When I read my first few sales books, I would put a vanilla scent in the kitchen to evoke memories of baked goods, perhaps when you were a child and, you know, your folks would bring back a little baked treats. I would put a lavender scent or a similar scent in the lounge to evoke perhaps being in a meadow or in some other really relaxing place. And so, yes, the point is that you can take all of these little tools that we have as game designers and apply them to any experience that you're trying to design. All right. So Rahul, you've talked about a lot of very nuanced and incredibly well thought out elements of the product here. Toward the end of the show, we always like to

give guests an opportunity to talk about where people can go and check out the work of the person who's been interviewed. So what do you want to say to listeners? Well, thank you, Ben. What I would say is for folks who have listened to this, maybe they're excited to try superhuman or they have an email problem and they really wish that they could get through their inbox twice as fast as before, sustainably hit inbox zero, head to superhuman.com, sign up there. We do have a big waitlist. It's more than 350,000 people at this point. But what I shall say is that for listeners of this podcast, members of the acquired community, I would be more than happy to jump you to the front of the line

when you sign up in the box where it says, how did you find out or hear about superhuman? Just enter the acquired podcast and we'll make sure that we skip you to the front of the line and get you onboarded as rapidly as we can. Sweet. Love that, Rahul. Thank you. All right, listeners. Now is a great time to talk about one of our favorite companies, Statsig. Yes, long time acquired partner. There is a reason why the best product teams at companies like OpenAI and Notion, Atlassian, Figma, Rippling, Brex, and more rely on Statsig, whether they are iterating on their core product features or shipping AI-powered experiences at scale.

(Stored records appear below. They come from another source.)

lemma penalty_nonneg: "0 \<le> penalty v"
  by (simp add: penalty_def)

lemma penalty_eq_0_iff: "penalty v = 0 \<longleftrightarrow> (\<forall>i. v $ i \<le> 0)"
  by (auto simp: penalty_def vec_eq_iff max_def)

lemma continuous_on_penalty:
  "continuous_on S g \<Longrightarrow> continuous_on S (\<lambda>y. penalty (g y))"
  unfolding penalty_eq_sum by (intro continuous_intros)

lemma convex_on_penalty:
  fixes g :: "'a::real_vector \<Rightarrow> real^'p"
  assumes "\<And>i. convex_on S (\<lambda>y. g y $ i)"
  shows "convex_on S (\<lambda>y. penalty (g y))"
proof (rule convex_onI)
  show "convex S" using assms convex_on_imp_convex by blast
  fix t :: real and y z assume t: "0 < t" "t < 1" and yz: "y \<in> S" "z \<in> S"
  let ?a = "\<lambda>i. max (g y $ i) 0" and ?b = "\<lambda>i. max (g z $ i) 0"
  have "max (g ((1 - t) *\<^sub>R y + t *\<^sub>R z) $ i) 0 \<le> (1 - t) * ?a i + t * ?b i" for i
    using convex_onD[OF assms, of t y z i] t yz
    by (smt (verit) mult_left_mono mult_nonneg_nonneg)
  then have "(max (g ((1 - t) *\<^sub>R y + t *\<^sub>R z) $ i) 0)\<^sup>2 \<le> ((1 - t) * ?a i + t * ?b i)\<^sup>2" for i
    by (intro power_mono) auto
  also have "((1 - t) * ?a i + t * ?b i)\<^sup>2 \<le> (1 - t) * (?a i)\<^sup>2 + t * (?b i)\<^sup>2" for i
  proof -
    have "0 \<le> t * (1 - t) * (?a i - ?b i)\<^sup>2" using t by simp
    then show ?thesis by (simp add: power2_eq_square algebra_simps)
  qed
  finally have "(max (g ((1 - t) *\<^sub>R y + t *\<^sub>R z) $ i) 0)\<^sup>2 \<le> (1 - t) * (?a i)\<^sup>2 + t * (?b i)\<^sup>2" for i .
  then have "penalty (g ((1 - t) *\<^sub>R y + t *\<^sub>R z)) \<le> (\<Sum>i\<in>UNIV. (1 - t) * (?a i)\<^sup>2 + t * (?b i)\<^sup>2)"
    unfolding penalty_eq_sum by (rule sum_mono)
  then show "penalty (g ((1 - t) *\<^sub>R y + t *\<^sub>R z)) \<le> (1 - t) * penalty (g y) + t * penalty (g z)"
    by (simp add: penalty_eq_sum sum.distrib sum_distrib_left)
qed

lemma psi_eq_penalty:
  "psi f c \<rho> \<sigma> x y = f x y - \<rho> / 2 * penalty (c x y) - \<sigma> / 2 * (norm y)\<^sup>2"
  by (simp add: psi_def penalty_def)

lemma psi_le_f_minus_penalty:
  assumes "0 \<le> \<rho>" "0 \<le> \<sigma>"
  shows "psi f c \<rho> \<sigma> x y \<le> f x y - \<rho> / 2 * penalty (c x y)"
  using assms by (simp add: psi_eq_penalty)

lemma psi_feasible:
  assumes "y \<in> Theta Y c x"
  shows "psi f c \<rho> \<sigma> x y = f x y - \<sigma> / 2 * (norm y)\<^sup>2"
proof -
  have "penalty (c x y) = 0"
    using assms by (simp add: penalty_eq_0_iff Theta_def)
  then show ?thesis by (simp add: psi_eq_penalty)
qed

lemma strongly_concave_maximizer_unique:
  fixes g :: "'a::real_inner \<Rightarrow> real" and \<sigma> :: real
  defines "h \<equiv> \<lambda>w. g w - \<sigma> / 2 * (norm w)\<^sup>2"
  assumes "concave_on S g" "0 < \<sigma>" "y \<in> S" "z \<in> S"
    and "\<And>w. w \<in> S \<Longrightarrow> h w \<le> h y" "\<And>w. w \<in> S \<Longrightarrow> h w \<le> h z"
  shows "y = z"
proof (rule ccontr)
  assume "y \<noteq> z"
  define m where "m = (1 - 1/2) *\<^sub>R y + (1/2) *\<^sub>R z"
  have "m \<in> S"
    using convexD[OF concave_on_imp_convex[OF assms(2)] assms(4,5), of "1/2" "1/2"] by (simp add: m_def)
  have norm_m: "(norm m)\<^sup>2 = ((norm y)\<^sup>2 + (norm z)\<^sup>2) / 2 - (norm (y - z))\<^sup>2 / 4"
    by (simp add: m_def power2_norm_eq_inner inner_simps inner_commute field_simps)
  have "(g y + g z) / 2 \<le> g m"
    using concave_onD[OF assms(2), of "1/2" y z] assms(4,5) by (simp add: m_def)
  moreover have "h m = g m - \<sigma> / 4 * ((norm y)\<^sup>2 + (norm z)\<^sup>2) + \<sigma> * (norm (y - z))\<^sup>2 / 8"
    unfolding h_def norm_m by (simp add: field_simps)
  moreover have "(h y + h z) / 2 = (g y + g z) / 2 - \<sigma> / 4 * ((norm y)\<^sup>2 + (norm z)\<^sup>2)"
    by (simp add: h_def field_simps)
  moreover have "0 < \<sigma> * (norm (y - z))\<^sup>2"
    using \<open>y \<noteq> z\<close> assms(3) by simp
  ultimately have "(h y + h z) / 2 < h m"
    by linarith
  moreover have "h y = h z"
    using assms(4-7) by (meson order_antisym)
  ultimately show False
    using assms(6)[OF \<open>m \<in> S\<close>] by simp
qed

lemma continuous_on_Times_slice:
  assumes "continuous_on (A \<times> B) (\<lambda>z. g (fst z) (snd z))" "a \<in> A"
  shows "continuous_on B (g a)"
proof -
  have "continuous_on B (\<lambda>y. (\<lambda>z. g (fst z) (snd z)) (a, y))"
    by (rule continuous_on_compose2[OF assms(1)]) (auto intro!: continuous_intros simp: assms(2))
  then show ?thesis by simp
qed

Yep. In the crazy speed of today's AI world, shipping fast is just table stakes now. It's basically trivial to build and deploy your app constantly. The real advantage is how quickly you learn what changes actually created value for customers and how fast you can use that signal to guide what you ship next. Whether it's a feature tweak, a pricing change, a performance improvement, or an AI update like a model change or prompt adjustment, they're not relying on instinct. They're measuring what actually moved engagement, retention, and ultimately revenue. And as more teams build with AI, that learning loop becomes even more important. Building with LLMs introduces non-determinism into your product experience. The same input doesn't always produce the same output, and behavior can shift in subtle ways

in real-world use. So doing offline evals will give you part of the picture, but you can really only understand the impact once your product is live with real users, and then you can measure how their behavior actually changes. It's very different than the way that you would ship features in a pre-AI world where you knew exactly what the software was going to do in production. Yeah, exactly. So this is where Statsig comes in. It brings experimentation, feature flags, and product analytics into one unified system so teams can ship safely, test rigorously, and directly link what they changed to how users actually behaved. The result is a tighter feedback loop and learning that compounds over time so you don't just ship more, you ship better.

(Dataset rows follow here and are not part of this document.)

theorem theorem2p5:
  fixes \<pi> :: "'a::comm_ring_1"
    and red :: "'a \<Rightarrow> 'k::field"
    and A :: "'a^'n^'n"
    and F :: "'a mpoly"
    and Bt :: "nat \<Rightarrow> 'k^'n^'n"
    and m r d :: nat
  assumes local_max: "\<forall>x. \<not> x dvd 1 \<longleftrightarrow> \<pi> dvd x"
    and pir: "principal_ideal_ring TYPE('a)"
    and complete: "complete_wrt \<pi>"
    and res: "residue_map \<pi> red"
    and char: "(2::'k) \<noteq> 0"
    and cyc: "cyclic_mat (map_matrix red A)"
    and vars: "\<forall>\<alpha>\<in>Poly_Mapping.keys F. Poly_Mapping.keys \<alpha> \<subseteq> {..<m}"
    and monic: "monic_deg F d"
    and comm: "\<forall>i<m. \<forall>j<m. Bt i ** Bt j = Bt j ** Bt i"
    and root: "mpoly_eval (Poly_Mapping.map red F) Bt = map_matrix red A"
    and r: "1 \<le> r" "r \<le> m"
    and inv: "\<forall>i<r. invertible (mpoly_eval (pderiv_m i (Poly_Mapping.map red F)) Bt)"
    and zero: "\<forall>i. r \<le> i \<and> i < m \<longrightarrow> mpoly_eval (pderiv_m i (Poly_Mapping.map red F)) Bt = 0"
  shows "\<exists>B :: nat \<Rightarrow> 'a^'n^'n. (\<forall>i<m. \<forall>j<m. B i ** B j = B j ** B i) \<and>
           (\<forall>i<m. map_matrix red (B i) = Bt i) \<and> mpoly_eval F B = A"
proof -
  interpret red: comm_ring_hom red by (rule residue_map_comm_ring_hom[OF res])
  have surj: "surj red" by (rule residue_map_surj[OF res])
  have "\<forall>\<alpha>\<in>Poly_Mapping.keys (Poly_Mapping.map red F). Poly_Mapping.keys \<alpha> \<subseteq> {..<m}"
    using vars red.keys_map_poly[of F] by auto
  then have "Bt i \<in> commutant {map_matrix red A}" if "i < m" for i
    unfolding root[symmetric] commutant_iff by (simp add: mpoly_eval_commute comm that)
  then obtain B0 where B0: "\<And>i. B0 i \<in> bicommutant A" "\<And>i. i < m \<Longrightarrow> map_matrix red (B0 i) = Bt i"
    using lift_tuple_to_bicommutant[OF red.comm_ring_hom_axioms surj cyc] by blast
  have B0_vars: "map_matrix red (B0 i) = Bt i" if "\<alpha> \<in> Poly_Mapping.keys F" "i \<in> Poly_Mapping.keys \<alpha>" for \<alpha> i
    using that vars B0(2) by auto
  have root0: "map_matrix red (mpoly_eval F B0) = map_matrix red A"
    unfolding red.map_matrix_mpoly_eval root[symmetric]
    by (rule mpoly_eval_cong) (metis B0_vars red.keys_map_poly subsetD)
  have "map_matrix red (mpoly_eval (pderiv_m 0 F) B0) = mpoly_eval (pderiv_m 0 (Poly_Mapping.map red F)) Bt"
    using r by (intro red.map_matrix_mpoly_eval_pderiv_0 B0_vars B0(2)) auto
  then have "invertible (map_matrix red (mpoly_eval (pderiv_m 0 F) B0))"
    using inv r by simp
  then obtain U where U: "U \<in> bicommutant A"
      "map_matrix red U ** map_matrix red (mpoly_eval (pderiv_m 0 F) B0) = mat 1"
    using lift_inverse_to_bicommutant[OF red.comm_ring_hom_axioms surj cyc] B0(1) commutant_mpoly_eval
    by blast
  obtain L where L: "L \<in> bicommutant A" "map_matrix red L = map_matrix red (B0 0)"
      "mpoly_eval F (B0(0 := L)) = A"
    using hensel_bicommutant[OF res B0(1) U complete root0] by blast
  have B: "(B0(0 := L)) i \<in> bicommutant A" for i using B0(1) L(1) by simp
  show ?thesis
    using bicommutant_commute[OF B B] B0(2) L(2,3) r by (intro exI[of _ "B0(0 := L)"]) auto
qed

end
(* Let $\pi$ be a model with data space $Y$ and parameter space $\Theta$, $f$ a test quantity and $\phi$ a posterior family such that neither $\pi$ nor $\phi$ has ties with respect to $f$. Then $\phi$ passes continuous SBC with respect to $f$ if and only if for all $x\in[0,1]$ $$\int_Y\int_\Theta \mathbb{I}\Big[\int_\Theta \mathbb{I}[f(\theta,y)<f(\tilde\theta,y)]\,\phi(\theta\mid y)\,\mathrm{d}\theta\le x\Big]\,\pi_{\text{obs}}(y\mid\tilde\theta)\pi_{\text{prior}}(\tilde\theta)\,\mathrm{d}\tilde\theta\,\mathrm{d}y=x.$$
   Context: Model $\pi$: prior density $\pi_{\text{prior}}(\theta)$ on $\Theta$, observation density $\pi_{\text{obs}}(y\mid\theta)$ on $Y$, $\pi_{\text{marg}}(y)=\int_\Theta\pi_{\text{obs}}(y\mid\theta)\pi_{\text{prior}}(\theta)\,\mathrm{d}\theta$, $\pi_{\text{post}}(\theta\mid y)=\pi_{\text{obs}}(y\mid\theta)\pi_{\text{prior}}(\theta)/\pi_{\text{marg}}(y)$. A posterior family is $\phi:\Theta\times Y\to\mathbb{R}^+$ with $\int_\Theta\phi(\theta\mid y)\,\mathrm{d}\theta=1$ for all $y$; a test quantity is a measurable $f:\Theta\times Y\to\mathbb{R}$. $C_{\phi,f}(s\mid y)=\int_\Theta\mathbb{I}[f(\theta,y)\le s]\phi(\theta\mid y)\,\mathrm{d}\theta$, $D_{\phi,f}(s\mid y)=\int_\Theta\mathbb{I}[f(\theta,y)=s]\phi(\theta\mid y)\,\mathrm{d}\theta$, $D_f(s\mid y)=\int_\Theta\mathbb{I}[f(\theta,y)=s]\pi_{\text{post}}(\theta\mid y)\,\mathrm{d}\theta$. $\pi$ has ties w.r.t. $f$ if $D_f(f(\tilde\theta,y)\mid y)>0$ for some $y,\tilde\theta$; $\phi$ has ties w.r.t. $f$ if $D_{\phi,f}(f(\tilde\theta,y)\mid y)>0$ for some $y,\tilde\theta$. With $U\sim\mathrm{uniform}[0,1]$, $r_{\phi,f}(x\mid\tilde\theta,y)=\Pr\big(C_{\phi,f}(f(\tilde\theta,y)\mid y)-U\,D_{\phi,f}(f(\tilde\theta,y)\mid y)\le x\big)$, $q_{\phi,f}(x\mid y)=\int_\Theta\pi_{\text{post}}(\tilde\theta\mid y)r_{\phi,f}(x\mid\tilde\theta,y)\,\mathrm{d}\tilde\theta$. $\phi$ passes continuous SBC w.r.t. $f$ if $\int_Yq_{\phi,f}(x\mid y)\pi_{\text{marg}}(y)\,\mathrm{d}y=x$ for all $x\in[0,1]$. *)

theory Defs
  imports "HOL-Probability.Probability"
begin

So if you want to make learning your competitive advantage, whether you're building new AI experiences or just evolving your existing core product, go to statsig.com slash acquired to get started. Well, LPs, you can join us on the other side. We're going to be talking through a masterclass on fundraising with Rahul. And for folks who aren't sort of as familiar with his background, he's literally the perfect person to tackle this critical topic. Since he's now started two companies, he's done YC, he's not done YC, he's had an exit, he's raised seed rounds, big growth rounds, funded the company himself for a period of time. He's running his own angel fund with Todd Goldberg, where they also just raised a rolling follow on fund via AngelList. Rahul has raised and not

raised capital all across the spectrum. And we're really excited to dive in with him on that. So if you're not already an LP, click the link in the show notes or go to acquired.fm slash LP. So Rahul, thanks so much. And we'll see you on the other side. Thank you. Thank you. Thank you.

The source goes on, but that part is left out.